Deri ve kürk konfeksiyon sektörünün deri ve deri mamulleri sektöründe çok önemli bir yere sahip olduğunu ifade eden İstanbul Deri ve Deri Mamulleri İhracatçıları Birliği (İDMİB) Yönetim Kurulu Başkanı Güven Karaca, “Çünkü bizim kilogram başına ihracat değerimiz 10,2 dolar, deri ve kürk konfeksiyonunda 118 dolarlara kadar çıkıyor bu rakam. Ana hedefimiz katma değerli ürün, katma değerli ürün ihracı ve ülkemize katkı. Sektör olarak zaten en değerli ihracat yapan 4. sektörüz. Deri ve kürk konfeksiyon sektörü bu konuda bize çok yardımcı oluyor ve de destek veriyor. Direkt hedefe yönelik bir fuar. Dolayısıyla bu fuarın katkısı çok büyük. Her fuarda sipariş alıp ihracatımızı arttırıyoruz. Bu yüzden bu fuarımızı çok önemsiyoruz.” dedi.
DERİDE HEDEF DÜNYA
Sektörün 2022 yılını 2,58 milyar dolar gibi bir rakamla kapattığını kaydeden Karaca, “Kilogram başına değerimizi 9,2 dolardan 10,2 dolara çıkarttık. Bu yılın ilk 4 aylık performansından endişeliydik ama sonuçlar öyle gelmedi. Özellikle deri ve kürk konfeksiyon 50 milyon dolarla yüzde 23’lük bir artış sergiledi. Her yıl endişeli başlıyoruz ama sektörümüz çok dinamik, ihracatçılarımız çok dinamik. 163 ülkeye ihracat yapıyoruz ve her geçen gün de bu ülke sayısını yükseltiyoruz. Her türlü negatif etkiden arınarak ihracatımız yükselmeye devam ediyor.” dedi.
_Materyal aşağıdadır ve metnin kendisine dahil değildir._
lemma is_pmod_kernel_mod:
  assumes M: "is_pmod s S le M"
  shows "is_pmod s (Int_carrier S le) (Int_le le) (kernel_mod M)"
  unfolding is_pmod_def
proof (intro conjI ballI impI allI)
  show "vector_space s" using pmod_vector_space[OF M] .
  fix p assume "p \<in> Int_carrier S le"
  then obtain x y where p: "p = (x, y)" "x \<in> S" "y \<in> S" "le x y"
    unfolding Int_carrier_def by auto
  show "fin_dim_subspace s (fst (kernel_mod M) p)"
    using fin_dim_subspace_kernel[OF pmod_fin_dim[OF M] pmod_linear[OF M]] p
    by (simp add: kernel_mod_def)
  show "snd (kernel_mod M) p p v = v" if "v \<in> fst (kernel_mod M) p" for v
    using that pmod_id[OF M] p by (simp add: kernel_mod_def)
next
  fix p q assume "p \<in> Int_carrier S le" "q \<in> Int_carrier S le" "Int_le le p q"
  then obtain x1 y1 x2 y2 where pq: "p = (x1, y1)" "q = (x2, y2)"
    and S: "x1 \<in> S" "y1 \<in> S" "x2 \<in> S" "y2 \<in> S"
    and le: "le x1 y1" "le x2 y2" "le x1 x2" "le y1 y2"
    unfolding Int_carrier_def Int_le_def by auto
  show "Vector_Spaces.linear s s (snd (kernel_mod M) p q)"
    using pmod_linear[OF M] S le pq by (simp add: kernel_mod_def)
  show "snd (kernel_mod M) p q ` fst (kernel_mod M) p \<subseteq> fst (kernel_mod M) q"
    using pmod_maps_into[OF M] pmod_map_kernel[OF M S le] S le pq
    by (auto simp: kernel_mod_def)
next
  fix p q r v
  assume "p \<in> Int_carrier S le" "q \<in> Int_carrier S le" "r \<in> Int_carrier S le"
    and "Int_le le p q \<and> Int_le le q r" and "v \<in> fst (kernel_mod M) p"
  then show "snd (kernel_mod M) p r v = snd (kernel_mod M) q r (snd (kernel_mod M) p q v)"
    using pmod_comp[OF M] unfolding kernel_mod_def Int_carrier_def Int_le_def by auto
qed

lemma pmod_iso_kernel_mod:
  fixes S :: "'a set"
  assumes A: "is_pmod s1 S le A" and "pmod_iso s1 s2 S le A B"
  shows "pmod_iso s1 s2 (Int_carrier S le) (Int_le le) (kernel_mod A) (kernel_mod B)"
proof -
  obtain \<alpha> where
    \<alpha>: "\<forall>x\<in>S. Vector_Spaces.linear s1 s2 (\<alpha> x) \<and> bij_betw (\<alpha> x) (fst A x) (fst B x)"
    and nat: "\<forall>x\<in>S. \<forall>y\<in>S. le x y \<longrightarrow>
      (\<forall>v\<in>fst A x. \<alpha> y (snd A x y v) = snd B x y (\<alpha> x v))"
    using assms(2) unfolding pmod_iso_def by blast
  have kernel_bij:
    "bij_betw (\<alpha> x) {w \<in> fst A x. snd A x y w = 0} {v \<in> fst B x. snd B x y v = 0}"
    if xy: "x \<in> S" "y \<in> S" "le x y" for x y
  proof (rule bij_betw_Collect)
    show "bij_betw (\<alpha> x) (fst A x) (fst B x)" using \<alpha> xy by blast
    fix w assume w: "w \<in> fst A x"
    have "snd A x y w \<in> fst A y" using pmod_maps_into[OF A] xy w .
    moreover have "0 \<in> fst A y" using pmod_zero_mem[OF A xy(2)] .
    moreover have "\<alpha> y 0 = 0" using \<alpha> xy linear_map_0 by blast
    moreover have "inj_on (\<alpha> y) (fst A y)" using \<alpha> xy by (simp add: bij_betw_def)
    ultimately have "\<alpha> y (snd A x y w) = 0 \<longleftrightarrow> snd A x y w = 0"
      by (metis inj_onD)
    then show "snd B x y (\<alpha> x w) = 0 \<longleftrightarrow> snd A x y w = 0"
      using nat xy w by simp
  qed
  define \<beta> where "\<beta> p = \<alpha> (fst p)" for p :: "'a \<times> 'a"
  have "\<forall>p\<in>Int_carrier S le. Vector_Spaces.linear s1 s2 (\<beta> p)
      \<and> bij_betw (\<beta> p) (fst (kernel_mod A) p) (fst (kernel_mod B) p)"
    using \<alpha> kernel_bij unfolding \<beta>_def Int_carrier_def kernel_mod_def by auto
  moreover have "\<forall>p\<in>Int_carrier S le. \<forall>q\<in>Int_carrier S le. Int_le le p q \<longrightarrow>
      (\<forall>v\<in>fst (kernel_mod A) p.
        \<beta> q (snd (kernel_mod A) p q v) = snd (kernel_mod B) p q (\<beta> p v))"
    using nat unfolding \<beta>_def kernel_mod_def Int_carrier_def Int_le_def by auto
  ultimately show ?thesis unfolding pmod_iso_def by blast
qed
text \<open>\<open>P_k^j(x_0,...,x_{j-1}) = \<Sum> 6/(m_0!...m_{j-1}!) x_0^{m_0}...x_{j-1}^{m_{j-1}}\<close>,
  over \<open>m_0+...+m_{j-1} = 3\<close>, \<open>\<Sum> i m_i = k\<close> (the quotient is an integer).\<close>
definition P3 :: "nat \<Rightarrow> nat \<Rightarrow> (nat \<Rightarrow> int) \<Rightarrow> int" where
  "P3 k j x = (\<Sum>m \<in> {m :: nat \<Rightarrow> nat. (\<forall>i. j \<le> i \<longrightarrow> m i = 0) \<and>
                          (\<Sum>i<j. m i) = 3 \<and> (\<Sum>i = 1..<j. i * m i) = k}.
       ((6::int) div (\<Prod>i<j. fact (m i))) * (\<Prod>i<j. x i ^ m i))"

definition Lterm :: "(nat \<Rightarrow> int) \<Rightarrow> (nat \<Rightarrow> int) \<Rightarrow> nat \<Rightarrow> int" where
  "Lterm a x k =
    (if k = 2 then x 0 ^ 2 * x 1 + x 0 * a 0
     else if k = 3 then x 0 ^ 2 * x 2 + P3 3 2 x + x 1 * a 0 + x 0 * a 1 + x 0 * x 1 ^ 2
     else x 0 ^ 2 * x (k - 1) + P3 k (k - 1) x + 2 * x 0 * x 1 * x (k - 2)
          + (\<Sum>i\<le>k - 2. x i * a (k - 2 - i)))"

text \<open>They are integers exactly when the preceding
  congruences hold; otherwise floor division is used (irrelevant for the statement).\<close>
fun Mseq :: "(nat \<Rightarrow> int) \<Rightarrow> (nat \<Rightarrow> int) \<Rightarrow> (nat \<Rightarrow> int) \<Rightarrow> nat \<Rightarrow> int" where
  "Mseq a b x 0 = 0"
| "Mseq a b x (Suc 0) = (x 0 ^ 3 - b 0 - 3 * b 1) div 9"
| "Mseq a b x (Suc (Suc k)) =
     (Lterm a x (Suc (Suc k)) + Mseq a b x (Suc k) - b (Suc (Suc k))) div 3"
E-ticaretin 5 trilyon doların üzerine çıktığı bilgisini paylaşan Karaca, “E-ticarettin 5 yıl içerisinde 10 trilyon doların üzerine çıkması hedefleniyor. Buna kayıtsız kalamayız. Canla başla e-ihracat, e-ticareti tabana yayacak şekilde belli projeler üzerinde çalışıyoruz. Aslında diyoruz ki e-ticareti hedefleyerek hedefimiz ülke değil dünya. Bu bağlamda da E-ticaret Komitemizi kurduk. Faaliyetlere de devam ediyoruz.” dedi.